The ways in which species interactions are organized within biological systems affect different aspects of ecological and evolutionary dynamics, from community stability [1,2] to ecosystem functioning [3] and coevolution [4]. Ecologists have made substantial efforts to describe the structure and understand the assembly of ecological communities. Through these efforts, studies focusing on the biological attributes shaping species interactions have distinguished the key role of a few species traits in shaping patterns of interaction within ecological networks. These traits include abundance [5,6], interaction type [7] and interaction intimacy, the degree of biological integration among interacting individuals of different species [8–10].

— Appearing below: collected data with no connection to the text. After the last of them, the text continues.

definition parity :: "nat list \<times> nat \<Rightarrow> bool list" where
  "parity a = query_parity n (fst a)"

definition parity_dist :: "bool list \<Rightarrow> real" where
  "parity_dist v = (\<Sum>a\<in>I. if parity a = v then basis_prob a else 0)"

definition correlation :: "bool list \<Rightarrow> real" where
  "correlation z = (\<Sum>a\<in>I. basis_prob a * walsh z (parity a))"

lemma basis_prob_nonneg: "0 \<le> basis_prob a"
  by (simp add: basis_prob_def)

lemma parity_in_bitstrings: "parity a \<in> bitstrings n"
  by (simp add: parity_def query_parity_in_bitstrings)

lemma query_state_eq:
  assumes "x \<in> bitstrings n" "a \<in> I"
  shows "query_state x \<psi> a = of_real (walsh x (parity a)) * \<psi> a"
  using assms query_phase_eq_walsh[of x n "fst a"]
  by (auto simp: query_state_def parity_def idx_def bitstrings_def split: prod.split)

lemma query_state_unit: "x \<in> bitstrings n \<Longrightarrow> sq_norm I (query_state x \<psi>) = 1"
proof -
  assume x: "x \<in> bitstrings n"
  have "sq_norm I (query_state x \<psi>) = sq_norm I \<psi>"
    unfolding sq_norm_def
  proof (intro sum.cong refl)
    fix a assume "a \<in> I"
    then have "(cmod (query_state x \<psi> a))\<^sup>2
                 = (walsh x (parity a) * walsh x (parity a)) * (cmod (\<psi> a))\<^sup>2"
      using x by (simp add: query_state_eq norm_mult power2_eq_square)
    then show "(cmod (query_state x \<psi> a))\<^sup>2 = (cmod (\<psi> a))\<^sup>2"
      by (simp add: walsh_square)
  qed
  then show ?thesis
    using computes by (simp add: na_exact_computes_def)
qed

lemma overlap_query_states:
  assumes x: "x \<in> bitstrings n" and y: "y \<in> bitstrings n"
  shows "(\<Sum>a\<in>I. cnj (query_state x \<psi> a) * query_state y \<psi> a) = of_real (correlation (xor_bits x y))"
  unfolding correlation_def of_real_sum
proof (intro sum.cong refl)
  fix a assume a: "a \<in> I"
  have "cnj (query_state x \<psi> a) * query_state y \<psi> a
          = of_real (walsh x (parity a) * walsh y (parity a)) * (cnj (\<psi> a) * \<psi> a)"
    using x y a by (simp add: query_state_eq)
  also have "walsh x (parity a) * walsh y (parity a) = walsh (xor_bits x y) (parity a)"
    using x y by (intro walsh_xor_left) (simp add: bitstrings_def)
  finally show "cnj (query_state x \<psi> a) * query_state y \<psi> a
                  = of_real (basis_prob a * walsh (xor_bits x y) (parity a))"
    by (simp add: basis_prob_def cnj_mult_self)
qed

lemma correlation_outside_symmetries:
  assumes z: "z \<in> bitstrings n" "z \<notin> S_f n f"
  shows "correlation z = 0"
proof -
  obtain x where x: "x \<in> bitstrings n" and differ: "f x \<noteq> f (xor_bits x z)"
    using z unfolding S_f_def by auto
  define y where "y = xor_bits x z"
  have y: "y \<in> bitstrings n"
    unfolding y_def using x z(1) by (rule xor_bits_in_bitstrings)
  have xy: "xor_bits x y = z"
    using x z unfolding y_def bitstrings_def by (simp add: xor_bits_cancel)
  have outcome: "Re (qform I M (query_state w \<psi>)) = (if f w then 1 else 0)"
    if "w \<in> bitstrings n" for w
    using computes that unfolding na_exact_computes_def prob_one_def by auto
  have povm: "povm_effect I M"
    using computes by (simp add: na_exact_computes_def)
  have orthogonal: "(\<Sum>a\<in>I. cnj (query_state u \<psi> a) * query_state w \<psi> a) = 0"
    if "u \<in> bitstrings n" "w \<in> bitstrings n" "f u" "\<not> f w" for u w
    using that by (intro exact_outcomes_orthogonal[OF povm]) (simp_all add: outcome query_state_unit)
  show ?thesis
  proof (cases "f x")
    case True
    then show ?thesis
      using orthogonal[OF x y] overlap_query_states[OF x y] differ xy by (simp add: y_def)
  next
    case False
    then show ?thesis
      using orthogonal[OF y x] overlap_query_states[OF y x] differ xy
      by (simp add: y_def xor_bits_comm)
  qed
qed

lemma fourier_inversion:
  assumes v: "v \<in> bitstrings n"
  shows "(\<Sum>z\<in>bitstrings n. correlation z * walsh z v) = 2 ^ n * parity_dist v"
proof -
  have "(\<Sum>z\<in>bitstrings n. correlation z * walsh z v)
          = (\<Sum>z\<in>bitstrings n. \<Sum>a\<in>I. basis_prob a * (walsh z (parity a) * walsh z v))"
    unfolding correlation_def by (simp add: sum_distrib_right mult.assoc)
  also have "\<dots> = (\<Sum>a\<in>I. basis_prob a * (\<Sum>z\<in>bitstrings n. walsh z (parity a) * walsh z v))"
    by (subst sum.swap) (simp add: sum_distrib_left)
  also have "\<dots> = (\<Sum>a\<in>I. basis_prob a * (if parity a = v then 2 ^ n else 0))"
    by (intro sum.cong refl) (simp add: walsh_orthogonal[OF parity_in_bitstrings v])
  also have "\<dots> = 2 ^ n * parity_dist v"
    unfolding parity_dist_def sum_distrib_left by (intro sum.cong refl) simp
  finally show ?thesis .
qed

text \<open>Since the correlation is supported on S_f, the parity distribution is
  invariant under translations by S_f^perp.\<close>

lemma parity_dist_translation_invariant:
  assumes x: "x \<in> bitstrings n" and y: "y \<in> perp n (S_f n f)"
  shows "parity_dist (xor_bits x y) = parity_dist x"
proof -
  have y_bs: "y \<in> bitstrings n"
    using y unfolding perp_def by auto
  have S_sub: "S_f n f \<subseteq> bitstrings n"
    unfolding S_f_def by auto
  have on_S: "(\<Sum>z\<in>bitstrings n. correlation z * walsh z v) = (\<Sum>z\<in>S_f n f. correlation z * walsh z v)"
    for v
    by (rule sum.mono_neutral_right[OF finite_bitstrings S_sub])
      (auto simp: correlation_outside_symmetries)
  have "(\<Sum>z\<in>S_f n f. correlation z * walsh z (xor_bits x y)) = (\<Sum>z\<in>S_f n f. correlation z * walsh z x)"
  proof (intro sum.cong refl)
    fix z assume z: "z \<in> S_f n f"
    then have z_bs: "z \<in> bitstrings n" using S_sub by auto
    have "walsh z y = (-1) ^ dot_bits y z"
      using z_bs y_bs by (intro walsh_eq_dot_bits) (simp add: bitstrings_def)
    also have "\<dots> = 1"
      using y z unfolding perp_def by auto
    finally have "walsh z y = 1" .
    moreover have "walsh z x * walsh z y = walsh z (xor_bits x y)"
      using z_bs x y_bs by (intro walsh_xor_right) (simp_all add: bitstrings_def)
    ultimately show "correlation z * walsh z (xor_bits x y) = correlation z * walsh z x"
      by simp
  qed
  then have "2 ^ n * parity_dist (xor_bits x y) = 2 ^ n * parity_dist x"
    using fourier_inversion[OF xor_bits_in_bitstrings[OF x y_bs]] fourier_inversion[OF x] on_S
    by simp
  then show ?thesis by simp
qed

There is compelling evidence that the degree of interaction intimacy shapes the ecology and evolution of species interactions [11]. High-interaction intimacy is often associated with the propensity of an individual to interact with few individuals of other species during most of its lifetime [8,11]. For example, in interactions established by symbiotic organisms, e.g. parasites and gall-forming insects, each individual spends a substantial part of its life within or attached to a single host. These interactions often involve a high degree of physiological integration associated with trophic and physical dependence. High intimacy at the individual level does not necessarily imply in high specialization at species level, as is well known for some generalist parasites [12]. Nevertheless, owing to the high level of biological integration between individual consumers and their hosts, extreme patterns of specialization, such as monophagy [13], are a common feature of some high-intimacy interactions. In contrast, interactions with lower levels of intimacy, such as those between predators and prey [14], often imply an absence of physiological integration or trophic and physical dependence on any single individual interaction partner. For mutualisms, the analysis of networks describing species interactions with different levels of interaction intimacy shows that these networks possess distinct structural properties that might be a result of distinct ecological and evolutionary dynamics [9,15]. Recent analyses also suggest that interaction intimacy is particularly important in shaping mutualisms, whereas the effects of interaction intimacy on the network structure of antagonisms are less clear [10].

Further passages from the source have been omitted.